И в самый разгар торжества и общения встает некая дама, урожденная израильтянка, которая там родилась. Она сказала: «Я никогда не была в России, но у меня много русских друзей. Мне так у вас нравится, так у вас здорово, вы такие молодцы, вы сказали столько прекрасных тостов, я поняла, что Россия намного лучше и интереснее, чем вообще я могла предполагать ранее. Но вы практически сказали все, что я хотела сказать вам. Но у меня просится тост за Бен-Гуриона, которого я очень люблю и очень уважаю, давайте выпьем за него». Это был, наверное, самый оригинальный, самый необычный тост, за который я когда-либо поднимал рюмку, потому что до этого я, честно говоря, мало что знал о Бен-Гурионе и относился к нему абсолютно абстрактно и индифферентно. После этого пришлось почитать и ознакомиться. Действительно, этот персонаж израильской истории вызывает большое уважение. Но и как бы некий эпилог к этой истории: это самый оригинальный и познавательный тост, который мне когда-либо приходилось поднимать.

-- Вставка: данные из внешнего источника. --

lemma involution_lift_trace_zero:
  assumes g: "g \<in> carrier (GL2 p)" and gg: "g \<otimes>\<^bsub>GL2 p\<^esub> g \<in> scalars p" and ng: "g \<notin> scalars p"
  obtains a b c where "g = (a, b, c, (- a) mod p)" "a \<in> {0..<p}" "b \<in> {0..<p}" "c \<in> {0..<p}"
proof -
  obtain a b c d where g_eq: "g = (a, b, c, d)" by (cases g)
  have r: "a \<in> {0..<p}" "b \<in> {0..<p}" "c \<in> {0..<p}" "d \<in> {0..<p}"
    and det: "\<not> p dvd a * d - b * c"
    using g by (auto simp: g_eq carrier_GL2_iff)
  obtain m where "mat2_mod p (mat2_prod g g) = (m, 0, 0, m)"
    using gg by (auto simp: scalars_def mult_GL2)
  then have e1: "(a * b + b * d) mod p = 0" and e2: "(c * a + d * c) mod p = 0"
    and e3: "(a * a + b * c) mod p = (c * b + d * d) mod p"
    by (auto simp: g_eq)
  have "b * (a + d) = a * b + b * d" "c * (a + d) = c * a + d * c"
    "(a - d) * (a + d) = (a * a + b * c) - (c * b + d * d)"
    by (simp_all add: algebra_simps)
  then have "p dvd b * (a + d)" "p dvd c * (a + d)" "p dvd (a - d) * (a + d)"
    using e1 e2 e3 by (simp_all add: mod_eq_0_iff_dvd mod_eq_dvd_iff)
  have "p dvd a + d"
  proof (rule ccontr)
    assume "\<not> p dvd a + d"
    then have "p dvd b" "p dvd c" "p dvd a - d"
      using prime \<open>p dvd b * (a + d)\<close> \<open>p dvd c * (a + d)\<close> \<open>p dvd (a - d) * (a + d)\<close>
      by (auto simp: prime_dvd_mult_iff)
    then have "b = 0" "c = 0" "d = a"
      using r residue_eq_iff_dvd[of a p d] by (simp_all add: residue_dvd_iff)
    then have "g \<in> scalars p"
      using r det by (cases "a = 0") (auto simp: g_eq scalars_def)
    then show False using ng by contradiction
  qed
  then have "d mod p = (- a) mod p"
    by (simp add: mod_eq_dvd_iff add.commute)
  then have "d = (- a) mod p"
    using r by simp
  then show thesis using that r g_eq by blast
qed

lemma nonsplit_conjugator:
  assumes r: "a \<in> {0..<p}" "b \<in> {0..<p}" "c \<in> {0..<p}"
    and e: "\<not> QuadRes p (a * a + b * c)"
  obtains h where "h \<in> carrier (GL2 p)"
    "(a, b, c, (- a) mod p) \<otimes>\<^bsub>GL2 p\<^esub> h = h \<otimes>\<^bsub>GL2 p\<^esub> (0, (a * a + b * c) mod p, 1, 0)"
proof -
  have "c \<noteq> 0"
  proof
    assume "c = 0"
    then have "QuadRes p (a * a + b * c)"
      unfolding QuadRes_def by (intro exI[of _ a]) (simp add: power2_eq_square)
    then show False using e by contradiction
  qed
  then have h: "(1, a, 0, c) \<in> carrier (GL2 p)"
    using r gt_1 by (simp add: carrier_GL2_iff residue_dvd_iff)
  \<comment> \<open>the columns v = (1, 0) and g v: in this basis g is the companion matrix of X^2 - (a^2 + bc)\<close>
  have "mat2_mod p (a, b, c, - a) \<otimes>\<^bsub>GL2 p\<^esub> mat2_mod p (1, a, 0, c)
      = mat2_mod p (1, a, 0, c) \<otimes>\<^bsub>GL2 p\<^esub> mat2_mod p (0, a * a + b * c, 1, 0)"
    unfolding mult_GL2_mat2_mod by (simp add: algebra_simps)
  then show thesis
    using that[OF h] r gt_1 mat2_mod_carrier_GL2[OF h] by simp
qed

end

locale odd_prime_modulus = prime_modulus +
  assumes odd: "odd p"
begin

lemma ge_3: "p \<ge> 3"
  using prime_ge_2_int[OF prime] odd by (cases "p = 2") auto

lemma euler_criterion_int: "[Legendre a p = a ^ nat ((p - 1) div 2)] (mod p)"
proof -
  have nat_prime: "Factorial_Ring.prime (nat p)" using prime ge_3 by simp
  then have "[Legendre a (int (nat p)) = a ^ ((nat p - 1) div 2)] (mod int (nat p))"
    using euler_criterion[OF nat_prime] ge_3 by auto
  moreover have "(nat p - 1) div 2 = nat ((p - 1) div 2)" using ge_3 by (simp add: nat_div_distrib)
  ultimately show ?thesis using ge_3 by simp
qed

lemma sign_eq_of_cong:
  assumes "[x = y] (mod p)" "x \<in> {-1, 0, 1}" "y \<in> {-1, 0, 1}"
  shows "x = y"
proof -
  obtain k where k: "x - y = p * k"
    using assms(1) by (metis cong_iff_dvd_diff dvdE)
  have "\<bar>x - y\<bar> \<le> 2" using assms(2,3) by auto
  then have "k = 0" using k ge_3
    by (smt (verit, best) mult_le_cancel_left1 mult_minus_right zero_less_mult_iff)
  then show ?thesis using k by simp
qed

lemma Legendre_mult: "Legendre (a * b) p = Legendre a p * Legendre b p"
proof -
  let ?k = "nat ((p - 1) div 2)"
  have "[Legendre a p * Legendre b p = (a * b) ^ ?k] (mod p)"
    unfolding power_mult_distrib by (intro cong_mult euler_criterion_int)
  then have "[Legendre (a * b) p = Legendre a p * Legendre b p] (mod p)"
    by (metis cong_sym cong_trans euler_criterion_int)
  then show ?thesis by (rule sign_eq_of_cong) (auto simp: Legendre_def)
qed

lemma Legendre_minus_one: "Legendre (-1) p = (if [p = 1] (mod 4) then 1 else -1)"
proof -
  have "even ((p - 1) div 2) \<longleftrightarrow> [p = 1] (mod 4)"
    using odd unfolding cong_def by presburger
  then have "(-1) ^ nat ((p - 1) div 2) = (if [p = 1] (mod 4) then 1 else (-1 :: int))"
    using ge_3 by (simp add: even_nat_iff)
  then show ?thesis
    using euler_criterion_int[of "-1"] by (intro sign_eq_of_cong) (auto simp: Legendre_def)
qed

lemma QuadRes_iff_Legendre: "\<not> p dvd a \<Longrightarrow> QuadRes p a \<longleftrightarrow> Legendre a p = 1"
  by (simp add: Legendre_def cong_0_iff)

lemma Legendre_nonzero: "\<not> p dvd a \<Longrightarrow> Legendre a p = 1 \<or> Legendre a p = -1"
  by (simp add: Legendre_def cong_0_iff)

lemma QuadRes_mult_iff:
  assumes "\<not> p dvd a" "\<not> p dvd b"
  shows "QuadRes p (a * b) \<longleftrightarrow> (QuadRes p a \<longleftrightarrow> QuadRes p b)"
proof -
  have "\<not> p dvd a * b" using assms prime by (simp add: prime_dvd_mult_iff)
  then show ?thesis
    using assms Legendre_nonzero[of a] Legendre_nonzero[of b]
    by (auto simp: QuadRes_iff_Legendre Legendre_mult)
qed

lemma QuadRes_minus_iff:
  assumes "\<not> p dvd a"
  shows "QuadRes p (- a) \<longleftrightarrow> (QuadRes p a \<longleftrightarrow> [p = 1] (mod 4))"
proof -
  have "\<not> p dvd -1" using ge_3 by simp
  then have "QuadRes p (-1 * a) \<longleftrightarrow> (QuadRes p (-1) \<longleftrightarrow> QuadRes p a)"
    using QuadRes_mult_iff assms by blast
  then show ?thesis
    using QuadRes_iff_Legendre[of "-1"] \<open>\<not> p dvd -1\<close> Legendre_minus_one by auto
qed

Советы юным студенткам младших курсов
Барышня, собираясь в незнакомую компанию, должна на аварийный случай брать с собой не столько презерватив, сколько деньги на такси, чтобы презерватив не понадобился.
Стаканчик из-под сметаны…
Москва в дикие 90-е годы. Каширское шоссе. Гостиница онкоцентра, очень удобная, куда пускать нас стали после 1988 года. Около станции метро традиционная куча ларьков самого экзотического вида. И интересный товар, который наблюдался, может быть, полтора-два года и только в Москве, – это очень низкосортная водка, которая продавалась в пластмассовых баночках, в которых сейчас продают творог и сметану, с фольгой, заклеенной сверху. Тогда среди нас, молодых врачей, которые по разным делам приезжали в онкоцентр, ночевали там, она пользовалась определенной популярностью. Было очень удобно встретить товарища у метро, зайти, съесть беляш и выпить вот эту гадость из пластмассовой баночки. Потом, к счастью, все это исчезло. Но о том напитке, упаковке вспоминают многие из нас, кто учился, работал и работает сейчас в онкологии. Кстати, многие из моих товарищей, «собаночников» по этим пластмассовым стаканчикам, стали докторами наук, профессорами, очень уважаемыми специалистами-онкологами. Это не помешало нам развиваться, повзрослеть и не потерять голову.
Предки
Очень популярное рассуждение, о чем бы я поговорил со своими дедами, со своими предками. Вот у меня часто возникала мысль, действительно, о чем? В эпоху, когда были родовые поместья, много поколений жило в одном месте, общие с предками поля, дом, еще что-то, может быть, и был интерес. Сейчас, честно говоря, при всем моем уважении к предкам и к своей семье, наверное, встретившись с прадедом, тем более с прапрадедом, общих тем едва ли бы у нас нашлось сколько-нибудь много. Но подумайте сами, совершенно другая эпоха, совершенно другая жизнь. И по сути, нас мало что связывает. Одни мои прадеды жили в Каслях, работали на Каслинском заводе, занимали одни из первых мест, были руководителями подразделений. Прапрадед ездил даже в Париж на Экспо, где представлялась продукция завода. В семье имеется романтическая история. Где-то на каслинском кладбище есть могила Терентия Волегова. Дальше я предков, увы, не знаю. Это середина XIX века. Данила Терентьич, будучи очень состоятельным человеком, раздал детям свое имущество (дом, магазин, еще кое-что было), а моему прадеду, который был самым младшим, Ивану Даниловичу, оставил колоду для изготовления моделей, дубовую, большую, чем младшего сына очень обидел. И через некоторое время, когда сгоряча мой прадед решил расколоть это наследство, колоду он расколол, но колода оказалась прапрадедовой копилкой, и там оказалась очень крупная сумма в золоте. Но вскоре грянула революция. Правда, прадед успел построить очень хороший дом, магазин, которые до сих пор стоят в Каслях и известны людям. Пришла революция. У прадеда хватило ума при реквизиции сдать все золото государству, и это семью спасло. Мой дед пошел служить в Красную армию и воевал в Средней Азии в районе Кушки, участвовал в разгроме банд Ага-хана, то есть практически то же самое, что потом происходило с нашими сверстниками в Афганистане.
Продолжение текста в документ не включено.